The clients logs clearly show that there are several re-transmissions in case 1 (somehow I overlooked that ...). The systemtap log shows that only one packet was missing - 332268422, and that it was received at about the same time as 332617394 (348KB difference). It may be that 332268422 was received because of re-transmission. However if TCP SACK (Selective Ack) is used, only that packet would have been sent which should not cause major bandwidth issues.

Can you run Wireshark (or tcpdump) on one of the nodes so it will be possible to evaluate when the re-transmissions happen, what is re-transmitted, etc.?

In any case, probably the issue is because of the system/network configuration and not because of iperf3. If you can get more information on how the network routing/buffering/etc. is done and synchronized between different CPUs of the same node that may help.

davidBar-On commented 4 years ago

@zhao305149619 two more points to check:

  1. To check whether re-transmissions are causing the problem, try using UDP (-u option) instead of TCP. As UDP does not re-transmit, if there will still be instability in case1 (servers on different CPUs) then re-transmissions are not the issue.

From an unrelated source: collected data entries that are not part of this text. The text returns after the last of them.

(* Let $l\ge1$ and $\mu\ge0$ be integers. Then the Schur–Szegő composition of entire functions $$U:=\underbrace{e^xx*\cdots*e^xx}_{l\text{ factors}}*e^x(x-1)*e^x(x-2)*\cdots*e^x(x-\mu)$$ is of the form $e^xY$, where $Y$ is a polynomial of degree $l+\mu$ having a root of multiplicity $\mu+1$ at $0$ and $l-1$ simple negative roots.
   Context: Schur–Szegő composition of entire functions: for $f=\sum_{j\ge0}\gamma_jx^j/j!$ and $g=\sum_{j\ge0}\delta_jx^j/j!$ (everywhere convergent series) one sets $f*g=\sum_{j\ge0}\gamma_j\delta_jx^j/j!$; it is commutative and associative. *)

theory Defs
  imports "HOL-Analysis.Analysis" "HOL-Computational_Algebra.Polynomial"
begin

text \<open>Taylor coefficients at 0 of a function on the complex plane:
  for an entire function f = sum_j gamma_j z^j / j!, gamma_j is the j-th derivative at 0.\<close>
definition taylor_coeff :: "(complex \<Rightarrow> complex) \<Rightarrow> nat \<Rightarrow> complex" where
  "taylor_coeff f j = (deriv ^^ j) f 0"

definition schur_szego :: "(complex \<Rightarrow> complex) \<Rightarrow> (complex \<Rightarrow> complex) \<Rightarrow> complex \<Rightarrow> complex" where
  "schur_szego f g = (\<lambda>z. \<Sum>j. taylor_coeff f j * taylor_coeff g j * z ^ j / fact j)"

end

theory Submission
  imports Defs "HOL-Complex_Analysis.Complex_Analysis"
begin

text \<open>Write \<open>T\<^sub>k p = x (p + p') - k p\<close> (\<open>euler_op k\<close> below). Since \<open>(e\<^sup>x p)' = e\<^sup>x (p + p')\<close>, the Taylor coefficients of
  \<open>e\<^sup>x p\<close> are the values at 0 of the iterates of \<open>p \<mapsto> p + p'\<close>, and this shows that composing
  \<open>e\<^sup>x p\<close> with \<open>e\<^sup>x (x - k)\<close> gives \<open>e\<^sup>x T\<^sub>k p\<close>. The operators \<open>T\<^sub>k = T\<^sub>0 - k\<close> commute and
  \<open>T\<^sub>k x\<^sup>k = x\<^sup>k\<^sup>+\<^sup>1\<close>, so \<open>U = e\<^sup>x Y\<close> with \<open>Y = T\<^sub>0\<^sup>l\<^sup>-\<^sup>1 x\<^sup>\<mu>\<^sup>+\<^sup>1\<close>.
  Each application of \<open>T\<^sub>0\<close> raises the degree by one and preserves the order \<open>\<mu> + 1\<close> at 0;
  as \<open>T\<^sub>0 p = x e\<^sup>-\<^sup>x (e\<^sup>x p)'\<close> and \<open>e\<^sup>x p\<close> vanishes at \<open>-\<infinity>\<close>, Rolle's theorem produces one more
  negative root at each step. Counting roots against the degree then forces exactly \<open>l - 1\<close>
  negative roots, all simple.\<close>

definition exp_pderiv :: "'a::idom poly \<Rightarrow> 'a poly" where
  "exp_pderiv p = p + pderiv p"

definition euler_op :: "nat \<Rightarrow> 'a::idom poly \<Rightarrow> 'a poly" where
  "euler_op k p = [:0, 1:] * exp_pderiv p - smult (of_nat k) p"

definition exp_poly :: "complex poly \<Rightarrow> complex \<Rightarrow> complex" where
  "exp_poly p z = exp z * poly p z"

section \<open>Taylor coefficients of \<open>e\<^sup>x p\<close>\<close>

lemma exp_pderiv_add: "exp_pderiv (p + q) = exp_pderiv p + exp_pderiv q"
  by (simp add: exp_pderiv_def pderiv_add)

lemma exp_pderiv_diff: "exp_pderiv (p - q) = exp_pderiv p - exp_pderiv q"
  by (simp add: exp_pderiv_def pderiv_diff)

lemma exp_pderiv_smult: "exp_pderiv (smult c p) = smult c (exp_pderiv p)"
  by (simp add: exp_pderiv_def pderiv_smult smult_add_right)

lemma exp_pderiv_pCons_0: "exp_pderiv (pCons 0 p) = pCons 0 (exp_pderiv p) + p"
  by (simp add: exp_pderiv_def pderiv_pCons algebra_simps)

lemma funpow_exp_pderiv_diff:
  "(exp_pderiv ^^ j) (p - q) = (exp_pderiv ^^ j) p - (exp_pderiv ^^ j) q"
  by (induction j) (simp_all add: exp_pderiv_diff)

lemma funpow_exp_pderiv_smult: "(exp_pderiv ^^ j) (smult c p) = smult c ((exp_pderiv ^^ j) p)"
  by (induction j) (simp_all add: exp_pderiv_smult)

lemma funpow_exp_pderiv_1: "(exp_pderiv ^^ j) 1 = 1"
  by (induction j) (simp_all add: exp_pderiv_def)

lemma funpow_exp_pderiv_pCons_0:
  "(exp_pderiv ^^ Suc j) (pCons 0 p) = pCons 0 ((exp_pderiv ^^ Suc j) p) + smult (of_nat (Suc j)) ((exp_pderiv ^^ j) p)"
proof (induction j)
  case 0
  then show ?case by (simp add: exp_pderiv_pCons_0)
next
  case (Suc j)
  then show ?case
    by (simp add: exp_pderiv_add exp_pderiv_smult exp_pderiv_pCons_0 smult_add_left
        del: of_nat_Suc add: of_nat_Suc[of "Suc j"])
qed

lemma poly_funpow_exp_pderiv_euler_op:
  "poly ((exp_pderiv ^^ j) (euler_op k p)) 0 = (of_nat j - of_nat k) * poly ((exp_pderiv ^^ j) p) 0"
proof -
  have "poly ((exp_pderiv ^^ j) (pCons 0 (exp_pderiv p))) 0 = of_nat j * poly ((exp_pderiv ^^ j) p) 0"
    by (cases j) (simp_all only: funpow_exp_pderiv_pCons_0, simp_all add: funpow_Suc_right del: funpow.simps)
  then show ?thesis
    by (simp add: euler_op_def funpow_exp_pderiv_diff funpow_exp_pderiv_smult algebra_simps)
qed
(* Let $0<\beta<1$, let $p>0$, and let $u\in W^{1,1}[-p,p]$ be a nonnegative real-valued function with $u(-p)=u(p)=0$. Define $$L=\int_{-p}^p\sqrt{1+u'(x)^2}\,dx,\qquad A=\int_{-p}^p u(x)\,dx.$$ Then $$L\ \ge\ \Big(\frac{\arccos\beta}{\sqrt{1-\beta^2}}+\beta\Big)p+\sqrt{1-\beta^2}\,\frac{A}{p},$$ with equality if and only if $u(x)=\sqrt{R^2-x^2}-\beta R$ on $[-p,p]$, where $R=\dfrac{p}{\sqrt{1-\beta^2}}$.
   Context: $W^{1,1}[-p,p]$ denotes the Sobolev space of integrable functions on $[-p,p]$ with integrable weak derivative; such functions are absolutely continuous, so the endpoint values $u(\pm p)$ are well defined. *)

theory Defs
  imports "HOL-Analysis.Analysis"
begin

text \<open>Membership of u in W^{1,1}[-p,p] with weak derivative g, expressed via the
absolutely continuous representative: g is Lebesgue integrable on [-p,p] and
u is the indefinite integral of g (this is the standard characterization of
W^{1,1} on a bounded interval).\<close>
definition W11_with_deriv :: "real \<Rightarrow> (real \<Rightarrow> real) \<Rightarrow> (real \<Rightarrow> real) \<Rightarrow> bool" where
  "W11_with_deriv p u g \<longleftrightarrow>
     g absolutely_integrable_on {-p..p} \<and>
     (\<forall>x\<in>{-p..p}. u x = u (-p) + integral {-p..x} g)"

end

theory Submission
  imports Defs
begin
lemma representation:
  "\<exists>u d. mono u \<and> (\<forall>x. continuous (at_left x) u) \<and> unit_homeo d \<and> (\<forall>F\<in>cdfM. T F = Td d (Tu u F))"
proof (cases "\<exists>a b. a < b \<and> u a < u b")
  case True
  then obtain a b where "a < b" "u a < u b" by blast
  then interpret nondegenerate_commuting_operator T a b by unfold_locales
  show ?thesis by (rule representation_nondegenerate)
next
  case False
  have u_const: "u x = u 0" for x
  proof (cases x "0::real" rule: linorder_cases)
    case less
    then show ?thesis using False monoD[OF u_mono, of x 0] by force
  next
    case greater
    then show ?thesis using False monoD[OF u_mono, of 0 x] by force
  qed simp
  show ?thesis
  proof (intro exI conjI allI ballI)
    show "unit_homeo (\<lambda>x. x)" by (rule unit_homeoI) (auto simp: strict_mono_on_def)
    fix F assume "F \<in> cdfM"
    then show "T F = Td (\<lambda>x. x) (Tu (\<lambda>_. u 0) F)"
      using T_const_if_u_const[OF u_const] Tu_const
        Td_fixes_unit_step[OF unit_homeo_right_cont_distortion[OF \<open>unit_homeo (\<lambda>x. x)\<close>]] by simp
  qed (simp_all add: mono_def)
qed

end

theorem theorem4:
  fixes T :: "(real \<Rightarrow> real) \<Rightarrow> (real \<Rightarrow> real)"
  assumes "\<forall>F\<in>cdfM. T F \<in> cdfM"
    and "monotoneT T"
  shows "commutes_DR T \<longleftrightarrow>
    (\<exists>u d. mono u \<and> (\<forall>x. continuous (at_left x) u) \<and>
       distortion d \<and> strict_mono_on {0..1} d \<and> continuous_on {0..1} d \<and>
       (\<forall>F\<in>cdfM. T F = Td d (Tu u F)))"
proof
  assume "commutes_DR T"
  then interpret commuting_operator T using assms by unfold_locales blast+
  show "\<exists>u d. mono u \<and> (\<forall>x. continuous (at_left x) u) \<and>
       distortion d \<and> strict_mono_on {0..1} d \<and> continuous_on {0..1} d \<and>
       (\<forall>F\<in>cdfM. T F = Td d (Tu u F))"
    using representation unfolding unit_homeo_iff by blast
next
  assume "\<exists>u d. mono u \<and> (\<forall>x. continuous (at_left x) u) \<and>
       distortion d \<and> strict_mono_on {0..1} d \<and> continuous_on {0..1} d \<and>
       (\<forall>F\<in>cdfM. T F = Td d (Tu u F))"
  then obtain u d where "mono u" "\<forall>x. continuous (at_left x) u" "unit_homeo d"
    "\<forall>F\<in>cdfM. T F = Td d (Tu u F)"
    unfolding unit_homeo_iff by blast
  then show "commutes_DR T" by (intro commutes_DR_if_representation) simp_all
qed

end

  2. Can you assign different IP address to each server? As the same IP address is currently used for both servers, the same IP/TCP/UDP buffer is used for both servers (only sockets are different). Therefore, it may be that the issue is related to routing from the same IP buffer to two different CPUs, access synchronization of the same IP buffer from two CPUs, etc.

In any case, if you find what is causing the issue, can you share it? That may help other users.

Jeff0083 commented 4 years ago

@davidBar-On image server recieve many ofo packets and echo dup ack case many fast retransmission

davidBar-On commented 4 years ago

@zhao305149619 the Wireshark log you sent doesn't show a major re-transmission issue. The duplicate ack records 4309, 4333, 4345, 4375 and 4383 are not really duplicates. They each report about additional data received, but they all include a SACK entry that indicate a missing segment of 9014 bytes. Therefore they all report the same sequence (the info about he additional data received is in the SACK entry) and therefore are tagged as duplicate by Wireshark. (Although this is not shown in the image you included, it is concluded from the re-transmission and the size of these acks which is 78 bytes because of the additional SACK entry, vs. the normal 66 bytes.) This is the reason for the 9014 bytes re-transmission.

Again, the re-transmission doesn't seem to be a major issue. One more this you can try (in addition to the UDP and different server IP addresses) is to reduce the TCP segments sent below the 62,702 bytes segment size, e.g. by setting "-l 48K". If there is an issue related to segmentation that might help.